[Records from a data source]

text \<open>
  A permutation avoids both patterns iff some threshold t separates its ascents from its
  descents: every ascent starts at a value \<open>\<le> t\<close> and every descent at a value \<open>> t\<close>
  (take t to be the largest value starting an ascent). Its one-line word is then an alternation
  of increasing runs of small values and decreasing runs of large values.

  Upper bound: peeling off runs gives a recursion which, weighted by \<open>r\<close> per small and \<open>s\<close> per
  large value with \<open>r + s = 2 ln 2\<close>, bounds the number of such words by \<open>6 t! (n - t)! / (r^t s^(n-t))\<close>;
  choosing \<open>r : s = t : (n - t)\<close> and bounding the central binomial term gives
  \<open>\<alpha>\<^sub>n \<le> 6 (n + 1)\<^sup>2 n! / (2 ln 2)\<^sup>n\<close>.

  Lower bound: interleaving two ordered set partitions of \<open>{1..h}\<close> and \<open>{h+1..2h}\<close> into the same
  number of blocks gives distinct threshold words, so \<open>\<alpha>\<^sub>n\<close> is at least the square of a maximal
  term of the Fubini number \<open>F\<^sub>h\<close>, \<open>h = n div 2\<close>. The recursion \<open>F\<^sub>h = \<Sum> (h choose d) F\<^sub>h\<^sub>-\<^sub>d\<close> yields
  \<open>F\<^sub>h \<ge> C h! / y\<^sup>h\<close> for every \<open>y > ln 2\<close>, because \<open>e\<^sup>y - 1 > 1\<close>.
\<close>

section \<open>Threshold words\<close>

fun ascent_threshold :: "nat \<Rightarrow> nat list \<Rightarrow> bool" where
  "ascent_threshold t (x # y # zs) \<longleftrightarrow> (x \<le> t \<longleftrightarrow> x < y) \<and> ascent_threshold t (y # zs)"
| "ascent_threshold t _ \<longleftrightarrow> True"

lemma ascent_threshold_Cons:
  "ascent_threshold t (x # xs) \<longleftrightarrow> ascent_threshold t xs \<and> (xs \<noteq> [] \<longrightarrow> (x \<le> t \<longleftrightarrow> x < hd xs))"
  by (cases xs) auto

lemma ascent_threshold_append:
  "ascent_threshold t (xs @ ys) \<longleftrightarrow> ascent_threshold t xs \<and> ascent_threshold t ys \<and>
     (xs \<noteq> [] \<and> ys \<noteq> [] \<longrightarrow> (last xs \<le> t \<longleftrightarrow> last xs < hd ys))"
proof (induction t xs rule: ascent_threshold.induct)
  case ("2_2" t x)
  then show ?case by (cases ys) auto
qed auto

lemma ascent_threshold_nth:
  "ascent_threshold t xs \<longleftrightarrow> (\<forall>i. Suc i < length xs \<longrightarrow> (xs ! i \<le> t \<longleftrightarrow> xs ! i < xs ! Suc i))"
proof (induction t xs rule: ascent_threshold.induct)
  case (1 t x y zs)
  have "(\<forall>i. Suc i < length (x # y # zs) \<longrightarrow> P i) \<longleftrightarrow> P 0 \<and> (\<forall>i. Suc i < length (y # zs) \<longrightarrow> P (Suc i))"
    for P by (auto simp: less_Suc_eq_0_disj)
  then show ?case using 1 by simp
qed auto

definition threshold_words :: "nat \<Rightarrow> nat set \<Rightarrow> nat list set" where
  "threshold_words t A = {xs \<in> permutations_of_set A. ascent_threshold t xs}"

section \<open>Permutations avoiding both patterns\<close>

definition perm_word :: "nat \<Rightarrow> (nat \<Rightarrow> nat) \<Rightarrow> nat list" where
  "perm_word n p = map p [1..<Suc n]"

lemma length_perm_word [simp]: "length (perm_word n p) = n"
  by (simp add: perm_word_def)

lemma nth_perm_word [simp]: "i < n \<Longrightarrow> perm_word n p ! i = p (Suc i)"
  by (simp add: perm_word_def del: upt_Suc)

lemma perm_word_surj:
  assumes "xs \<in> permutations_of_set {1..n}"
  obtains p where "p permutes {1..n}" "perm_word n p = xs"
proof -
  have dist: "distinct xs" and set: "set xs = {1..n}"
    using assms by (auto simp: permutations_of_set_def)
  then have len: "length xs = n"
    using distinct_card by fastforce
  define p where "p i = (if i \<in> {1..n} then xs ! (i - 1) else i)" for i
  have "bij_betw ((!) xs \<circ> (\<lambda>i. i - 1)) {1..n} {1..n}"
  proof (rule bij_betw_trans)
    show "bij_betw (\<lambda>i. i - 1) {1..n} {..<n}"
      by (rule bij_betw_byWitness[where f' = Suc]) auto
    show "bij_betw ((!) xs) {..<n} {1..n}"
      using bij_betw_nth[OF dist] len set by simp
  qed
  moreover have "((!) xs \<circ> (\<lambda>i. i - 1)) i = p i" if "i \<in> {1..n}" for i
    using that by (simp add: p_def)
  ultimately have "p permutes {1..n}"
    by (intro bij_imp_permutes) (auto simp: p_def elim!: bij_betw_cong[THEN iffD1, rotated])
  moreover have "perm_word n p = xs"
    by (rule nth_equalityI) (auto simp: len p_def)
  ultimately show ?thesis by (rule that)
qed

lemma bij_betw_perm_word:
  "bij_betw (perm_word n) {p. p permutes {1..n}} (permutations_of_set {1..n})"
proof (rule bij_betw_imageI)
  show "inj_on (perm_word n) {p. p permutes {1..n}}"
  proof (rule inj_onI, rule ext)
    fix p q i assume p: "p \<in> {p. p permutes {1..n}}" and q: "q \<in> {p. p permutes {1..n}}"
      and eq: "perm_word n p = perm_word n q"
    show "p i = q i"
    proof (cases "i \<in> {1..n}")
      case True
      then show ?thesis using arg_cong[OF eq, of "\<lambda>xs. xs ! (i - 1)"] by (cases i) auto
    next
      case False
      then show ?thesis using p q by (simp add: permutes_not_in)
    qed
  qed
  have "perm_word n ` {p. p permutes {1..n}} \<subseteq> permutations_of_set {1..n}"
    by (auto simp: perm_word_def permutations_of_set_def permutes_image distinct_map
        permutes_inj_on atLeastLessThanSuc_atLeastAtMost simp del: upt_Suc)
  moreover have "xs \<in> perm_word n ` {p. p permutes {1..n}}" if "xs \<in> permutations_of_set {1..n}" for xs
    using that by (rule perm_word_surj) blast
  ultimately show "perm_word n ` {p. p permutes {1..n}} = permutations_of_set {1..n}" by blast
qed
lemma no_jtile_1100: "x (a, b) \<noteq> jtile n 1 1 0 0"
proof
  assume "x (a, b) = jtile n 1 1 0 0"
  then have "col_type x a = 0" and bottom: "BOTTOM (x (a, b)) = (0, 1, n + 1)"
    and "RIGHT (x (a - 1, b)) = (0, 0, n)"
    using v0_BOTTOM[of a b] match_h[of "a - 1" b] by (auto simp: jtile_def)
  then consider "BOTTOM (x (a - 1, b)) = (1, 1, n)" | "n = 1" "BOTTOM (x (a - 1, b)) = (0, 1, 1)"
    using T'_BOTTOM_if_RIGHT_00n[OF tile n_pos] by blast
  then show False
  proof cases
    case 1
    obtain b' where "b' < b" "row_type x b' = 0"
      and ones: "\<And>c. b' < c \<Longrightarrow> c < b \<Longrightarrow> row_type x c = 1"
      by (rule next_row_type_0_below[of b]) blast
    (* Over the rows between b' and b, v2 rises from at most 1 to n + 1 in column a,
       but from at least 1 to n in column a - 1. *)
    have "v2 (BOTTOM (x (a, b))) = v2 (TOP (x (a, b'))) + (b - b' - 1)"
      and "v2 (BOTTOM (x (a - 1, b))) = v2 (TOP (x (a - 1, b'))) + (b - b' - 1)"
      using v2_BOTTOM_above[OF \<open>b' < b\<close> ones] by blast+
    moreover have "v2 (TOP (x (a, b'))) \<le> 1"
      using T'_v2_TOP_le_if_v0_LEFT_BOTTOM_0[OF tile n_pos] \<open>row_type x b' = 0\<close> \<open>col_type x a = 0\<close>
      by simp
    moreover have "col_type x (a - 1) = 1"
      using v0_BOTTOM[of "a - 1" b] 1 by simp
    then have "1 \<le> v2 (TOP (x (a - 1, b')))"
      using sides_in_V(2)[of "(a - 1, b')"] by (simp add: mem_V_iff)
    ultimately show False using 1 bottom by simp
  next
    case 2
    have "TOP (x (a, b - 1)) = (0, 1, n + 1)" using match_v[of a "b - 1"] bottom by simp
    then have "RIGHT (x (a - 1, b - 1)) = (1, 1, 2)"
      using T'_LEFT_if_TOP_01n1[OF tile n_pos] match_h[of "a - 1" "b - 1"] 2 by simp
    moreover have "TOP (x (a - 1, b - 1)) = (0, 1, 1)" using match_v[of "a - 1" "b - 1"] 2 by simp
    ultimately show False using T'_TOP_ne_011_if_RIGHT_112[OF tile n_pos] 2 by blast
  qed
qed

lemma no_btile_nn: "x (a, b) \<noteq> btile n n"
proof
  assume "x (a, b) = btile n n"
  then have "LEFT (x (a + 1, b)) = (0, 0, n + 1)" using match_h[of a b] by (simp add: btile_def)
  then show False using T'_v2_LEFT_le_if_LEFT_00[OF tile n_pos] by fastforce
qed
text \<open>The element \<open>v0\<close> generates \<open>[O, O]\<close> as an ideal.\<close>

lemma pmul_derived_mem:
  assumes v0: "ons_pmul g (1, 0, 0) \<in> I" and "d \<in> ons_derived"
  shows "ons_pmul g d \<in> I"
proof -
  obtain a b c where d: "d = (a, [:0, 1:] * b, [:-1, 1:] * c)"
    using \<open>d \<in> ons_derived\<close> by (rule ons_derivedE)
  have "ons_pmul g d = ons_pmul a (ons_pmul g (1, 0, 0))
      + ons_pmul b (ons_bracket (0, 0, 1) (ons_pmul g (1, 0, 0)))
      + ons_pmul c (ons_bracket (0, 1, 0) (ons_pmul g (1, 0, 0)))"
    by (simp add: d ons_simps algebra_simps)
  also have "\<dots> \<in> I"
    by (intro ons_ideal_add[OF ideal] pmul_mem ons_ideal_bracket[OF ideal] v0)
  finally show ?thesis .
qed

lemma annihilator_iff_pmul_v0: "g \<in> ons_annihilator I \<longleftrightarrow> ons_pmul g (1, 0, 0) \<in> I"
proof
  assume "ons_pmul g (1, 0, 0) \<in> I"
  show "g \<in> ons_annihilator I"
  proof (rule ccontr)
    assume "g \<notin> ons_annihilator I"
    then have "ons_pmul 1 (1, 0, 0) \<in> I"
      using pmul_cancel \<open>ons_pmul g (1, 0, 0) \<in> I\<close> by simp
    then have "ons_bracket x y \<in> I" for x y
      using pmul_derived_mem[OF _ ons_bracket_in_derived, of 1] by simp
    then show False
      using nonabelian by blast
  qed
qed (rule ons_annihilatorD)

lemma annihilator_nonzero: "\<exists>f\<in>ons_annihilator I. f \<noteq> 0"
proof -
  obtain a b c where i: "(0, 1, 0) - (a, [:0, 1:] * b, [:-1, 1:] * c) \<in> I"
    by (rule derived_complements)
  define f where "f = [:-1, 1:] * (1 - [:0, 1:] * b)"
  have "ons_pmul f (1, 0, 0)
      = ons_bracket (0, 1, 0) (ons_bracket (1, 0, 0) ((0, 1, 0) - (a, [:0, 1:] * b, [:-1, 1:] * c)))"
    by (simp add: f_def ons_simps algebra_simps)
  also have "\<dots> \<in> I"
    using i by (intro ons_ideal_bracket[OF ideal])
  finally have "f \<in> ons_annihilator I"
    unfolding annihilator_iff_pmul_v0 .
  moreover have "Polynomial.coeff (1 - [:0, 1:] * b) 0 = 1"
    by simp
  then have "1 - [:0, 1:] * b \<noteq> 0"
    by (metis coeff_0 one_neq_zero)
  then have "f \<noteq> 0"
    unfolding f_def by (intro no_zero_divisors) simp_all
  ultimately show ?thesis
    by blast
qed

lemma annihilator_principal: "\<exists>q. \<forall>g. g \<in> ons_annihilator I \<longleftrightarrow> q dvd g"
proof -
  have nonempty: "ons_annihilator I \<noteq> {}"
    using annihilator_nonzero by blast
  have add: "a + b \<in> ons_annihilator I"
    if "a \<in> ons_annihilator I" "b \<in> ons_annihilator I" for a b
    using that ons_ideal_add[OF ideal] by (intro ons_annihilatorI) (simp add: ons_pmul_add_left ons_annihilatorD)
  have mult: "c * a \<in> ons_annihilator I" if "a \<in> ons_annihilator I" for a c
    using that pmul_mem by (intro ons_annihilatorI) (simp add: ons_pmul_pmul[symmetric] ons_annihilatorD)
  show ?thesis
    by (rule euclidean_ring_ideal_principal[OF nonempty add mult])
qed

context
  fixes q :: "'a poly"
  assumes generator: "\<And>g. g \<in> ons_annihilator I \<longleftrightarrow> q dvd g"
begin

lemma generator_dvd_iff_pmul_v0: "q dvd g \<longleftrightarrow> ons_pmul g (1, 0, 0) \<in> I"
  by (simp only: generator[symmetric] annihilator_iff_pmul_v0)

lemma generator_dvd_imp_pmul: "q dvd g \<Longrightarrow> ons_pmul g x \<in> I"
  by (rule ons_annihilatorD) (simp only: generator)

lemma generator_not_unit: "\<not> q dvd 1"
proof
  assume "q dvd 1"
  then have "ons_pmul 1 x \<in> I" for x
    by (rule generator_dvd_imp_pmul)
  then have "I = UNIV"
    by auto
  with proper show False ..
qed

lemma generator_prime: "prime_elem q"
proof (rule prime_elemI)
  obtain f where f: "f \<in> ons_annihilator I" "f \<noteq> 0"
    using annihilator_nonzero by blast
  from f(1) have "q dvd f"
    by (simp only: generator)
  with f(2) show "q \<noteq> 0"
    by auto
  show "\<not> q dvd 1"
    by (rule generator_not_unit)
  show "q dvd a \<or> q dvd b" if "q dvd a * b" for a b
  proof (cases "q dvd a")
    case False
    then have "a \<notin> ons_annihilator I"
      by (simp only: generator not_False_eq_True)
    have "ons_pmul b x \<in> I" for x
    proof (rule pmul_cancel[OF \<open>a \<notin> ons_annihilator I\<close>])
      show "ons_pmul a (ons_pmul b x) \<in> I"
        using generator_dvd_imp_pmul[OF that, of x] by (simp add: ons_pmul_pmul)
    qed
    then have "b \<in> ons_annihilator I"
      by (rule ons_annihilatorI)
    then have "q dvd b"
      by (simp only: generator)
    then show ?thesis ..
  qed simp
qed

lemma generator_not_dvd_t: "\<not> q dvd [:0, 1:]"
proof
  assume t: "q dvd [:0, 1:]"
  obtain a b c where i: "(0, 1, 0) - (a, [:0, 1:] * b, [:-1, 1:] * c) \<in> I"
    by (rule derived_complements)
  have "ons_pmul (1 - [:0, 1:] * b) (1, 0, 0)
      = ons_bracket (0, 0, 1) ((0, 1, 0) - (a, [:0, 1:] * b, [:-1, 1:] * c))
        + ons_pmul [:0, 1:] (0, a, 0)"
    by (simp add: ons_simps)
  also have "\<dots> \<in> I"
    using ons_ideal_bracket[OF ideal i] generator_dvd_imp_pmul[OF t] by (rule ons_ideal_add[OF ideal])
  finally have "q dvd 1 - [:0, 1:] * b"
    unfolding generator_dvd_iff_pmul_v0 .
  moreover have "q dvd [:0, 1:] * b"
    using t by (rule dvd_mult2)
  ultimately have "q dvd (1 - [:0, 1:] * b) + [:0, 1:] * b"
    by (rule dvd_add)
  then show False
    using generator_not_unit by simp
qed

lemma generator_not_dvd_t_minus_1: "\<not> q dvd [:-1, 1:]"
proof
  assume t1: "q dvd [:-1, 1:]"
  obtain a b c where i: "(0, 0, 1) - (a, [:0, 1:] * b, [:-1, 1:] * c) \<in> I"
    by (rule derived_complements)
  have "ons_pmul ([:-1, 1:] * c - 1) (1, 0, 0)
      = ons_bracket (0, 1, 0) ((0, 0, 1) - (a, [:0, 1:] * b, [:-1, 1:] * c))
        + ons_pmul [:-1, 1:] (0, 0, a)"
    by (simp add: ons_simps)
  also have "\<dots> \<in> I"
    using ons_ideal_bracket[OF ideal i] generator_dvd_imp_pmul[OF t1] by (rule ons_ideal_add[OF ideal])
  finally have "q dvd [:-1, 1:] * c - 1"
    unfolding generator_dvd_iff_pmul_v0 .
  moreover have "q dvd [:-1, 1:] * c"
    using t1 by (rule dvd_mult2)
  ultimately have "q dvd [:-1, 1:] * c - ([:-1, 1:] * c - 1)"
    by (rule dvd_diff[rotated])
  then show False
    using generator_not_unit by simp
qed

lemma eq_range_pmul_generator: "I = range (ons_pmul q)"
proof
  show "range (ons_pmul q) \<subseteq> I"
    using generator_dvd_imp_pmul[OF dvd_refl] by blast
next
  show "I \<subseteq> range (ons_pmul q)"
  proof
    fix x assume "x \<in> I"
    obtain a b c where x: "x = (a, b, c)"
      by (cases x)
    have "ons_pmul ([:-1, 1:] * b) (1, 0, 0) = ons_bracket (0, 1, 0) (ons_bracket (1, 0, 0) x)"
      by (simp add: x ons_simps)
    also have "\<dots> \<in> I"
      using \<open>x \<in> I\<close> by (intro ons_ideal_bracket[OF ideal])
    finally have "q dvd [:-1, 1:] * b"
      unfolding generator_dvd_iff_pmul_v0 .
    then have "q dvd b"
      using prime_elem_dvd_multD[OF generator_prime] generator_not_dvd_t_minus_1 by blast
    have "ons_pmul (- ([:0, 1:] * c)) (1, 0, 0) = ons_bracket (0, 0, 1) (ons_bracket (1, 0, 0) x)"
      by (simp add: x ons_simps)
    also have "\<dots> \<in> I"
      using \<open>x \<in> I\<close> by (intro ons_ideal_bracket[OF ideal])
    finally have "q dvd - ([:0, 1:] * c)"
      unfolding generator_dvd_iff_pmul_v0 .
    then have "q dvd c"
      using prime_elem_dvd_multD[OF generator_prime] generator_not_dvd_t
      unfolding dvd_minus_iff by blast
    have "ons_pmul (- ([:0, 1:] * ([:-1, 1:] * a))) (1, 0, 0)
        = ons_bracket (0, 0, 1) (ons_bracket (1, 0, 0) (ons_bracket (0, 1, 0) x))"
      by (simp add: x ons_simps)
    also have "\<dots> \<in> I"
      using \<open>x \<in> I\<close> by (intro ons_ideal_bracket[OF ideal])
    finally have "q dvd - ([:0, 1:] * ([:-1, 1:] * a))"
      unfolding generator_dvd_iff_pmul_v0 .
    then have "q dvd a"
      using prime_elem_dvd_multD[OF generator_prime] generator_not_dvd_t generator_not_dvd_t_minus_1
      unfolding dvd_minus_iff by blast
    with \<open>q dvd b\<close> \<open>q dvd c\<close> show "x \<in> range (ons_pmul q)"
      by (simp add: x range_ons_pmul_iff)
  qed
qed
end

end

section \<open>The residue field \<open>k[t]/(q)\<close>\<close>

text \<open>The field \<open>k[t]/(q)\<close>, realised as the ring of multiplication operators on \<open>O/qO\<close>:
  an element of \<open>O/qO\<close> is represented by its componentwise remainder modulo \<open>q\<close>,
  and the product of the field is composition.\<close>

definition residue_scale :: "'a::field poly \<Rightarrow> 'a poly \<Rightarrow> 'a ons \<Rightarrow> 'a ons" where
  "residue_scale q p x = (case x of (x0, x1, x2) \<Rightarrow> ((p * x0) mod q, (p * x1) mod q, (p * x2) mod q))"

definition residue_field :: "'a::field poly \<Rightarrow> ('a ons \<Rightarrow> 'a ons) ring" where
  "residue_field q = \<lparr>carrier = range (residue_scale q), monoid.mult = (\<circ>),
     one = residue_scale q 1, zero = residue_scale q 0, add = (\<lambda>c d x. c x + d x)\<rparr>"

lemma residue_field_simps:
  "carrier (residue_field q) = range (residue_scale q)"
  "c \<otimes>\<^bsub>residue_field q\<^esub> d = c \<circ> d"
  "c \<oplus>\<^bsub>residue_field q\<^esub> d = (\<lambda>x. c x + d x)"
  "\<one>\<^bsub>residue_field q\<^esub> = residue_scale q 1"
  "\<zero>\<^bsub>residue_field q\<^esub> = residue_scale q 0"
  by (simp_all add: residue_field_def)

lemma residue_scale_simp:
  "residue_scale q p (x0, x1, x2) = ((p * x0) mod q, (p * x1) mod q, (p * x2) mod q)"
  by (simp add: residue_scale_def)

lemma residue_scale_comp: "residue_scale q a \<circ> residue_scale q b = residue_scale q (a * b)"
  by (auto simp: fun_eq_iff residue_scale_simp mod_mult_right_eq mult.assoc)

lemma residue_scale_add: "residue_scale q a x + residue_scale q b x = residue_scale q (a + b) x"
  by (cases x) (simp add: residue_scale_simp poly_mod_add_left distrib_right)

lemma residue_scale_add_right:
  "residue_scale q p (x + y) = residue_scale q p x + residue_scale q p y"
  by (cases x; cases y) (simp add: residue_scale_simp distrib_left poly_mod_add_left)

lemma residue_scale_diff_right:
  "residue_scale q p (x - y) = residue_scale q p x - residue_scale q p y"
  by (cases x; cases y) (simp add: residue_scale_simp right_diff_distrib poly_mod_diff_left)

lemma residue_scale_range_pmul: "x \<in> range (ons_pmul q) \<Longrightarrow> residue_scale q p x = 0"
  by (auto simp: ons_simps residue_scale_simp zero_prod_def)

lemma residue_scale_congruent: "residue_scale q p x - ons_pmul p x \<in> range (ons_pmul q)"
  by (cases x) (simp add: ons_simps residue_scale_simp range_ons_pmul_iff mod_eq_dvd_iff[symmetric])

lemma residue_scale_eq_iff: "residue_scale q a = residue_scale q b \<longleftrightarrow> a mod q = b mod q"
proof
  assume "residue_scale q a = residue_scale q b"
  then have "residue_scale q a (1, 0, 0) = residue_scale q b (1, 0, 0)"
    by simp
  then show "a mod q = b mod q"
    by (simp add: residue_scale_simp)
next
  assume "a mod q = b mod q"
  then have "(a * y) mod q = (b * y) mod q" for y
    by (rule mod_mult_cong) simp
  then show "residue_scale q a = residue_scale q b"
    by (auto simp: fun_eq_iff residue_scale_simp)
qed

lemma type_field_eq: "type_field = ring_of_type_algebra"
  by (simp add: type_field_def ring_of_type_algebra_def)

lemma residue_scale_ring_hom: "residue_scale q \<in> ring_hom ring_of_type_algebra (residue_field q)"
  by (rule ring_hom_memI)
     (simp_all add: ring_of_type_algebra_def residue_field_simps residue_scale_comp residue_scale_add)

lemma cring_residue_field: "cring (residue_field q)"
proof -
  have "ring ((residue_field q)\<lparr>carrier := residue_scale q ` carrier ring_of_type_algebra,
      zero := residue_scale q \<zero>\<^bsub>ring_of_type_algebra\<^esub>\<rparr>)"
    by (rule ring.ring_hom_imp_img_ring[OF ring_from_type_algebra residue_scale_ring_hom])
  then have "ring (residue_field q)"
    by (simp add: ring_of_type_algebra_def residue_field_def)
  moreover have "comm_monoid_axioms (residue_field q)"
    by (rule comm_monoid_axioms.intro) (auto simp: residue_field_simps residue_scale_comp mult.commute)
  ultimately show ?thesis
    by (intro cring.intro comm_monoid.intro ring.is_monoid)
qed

Task description:
Return exactly the lines from the beginning of the data above through the one containing "choosing \<open>r : s", please. Include both end lines and add nothing else.

Answer below:
text \<open>
  A permutation avoids both patterns iff some threshold t separates its ascents from its
  descents: every ascent starts at a value \<open>\<le> t\<close> and every descent at a value \<open>> t\<close>
  (take t to be the largest value starting an ascent). Its one-line word is then an alternation
  of increasing runs of small values and decreasing runs of large values.

  Upper bound: peeling off runs gives a recursion which, weighted by \<open>r\<close> per small and \<open>s\<close> per
  large value with \<open>r + s = 2 ln 2\<close>, bounds the number of such words by \<open>6 t! (n - t)! / (r^t s^(n-t))\<close>;
  choosing \<open>r : s = t : (n - t)\<close> and bounding the central binomial term gives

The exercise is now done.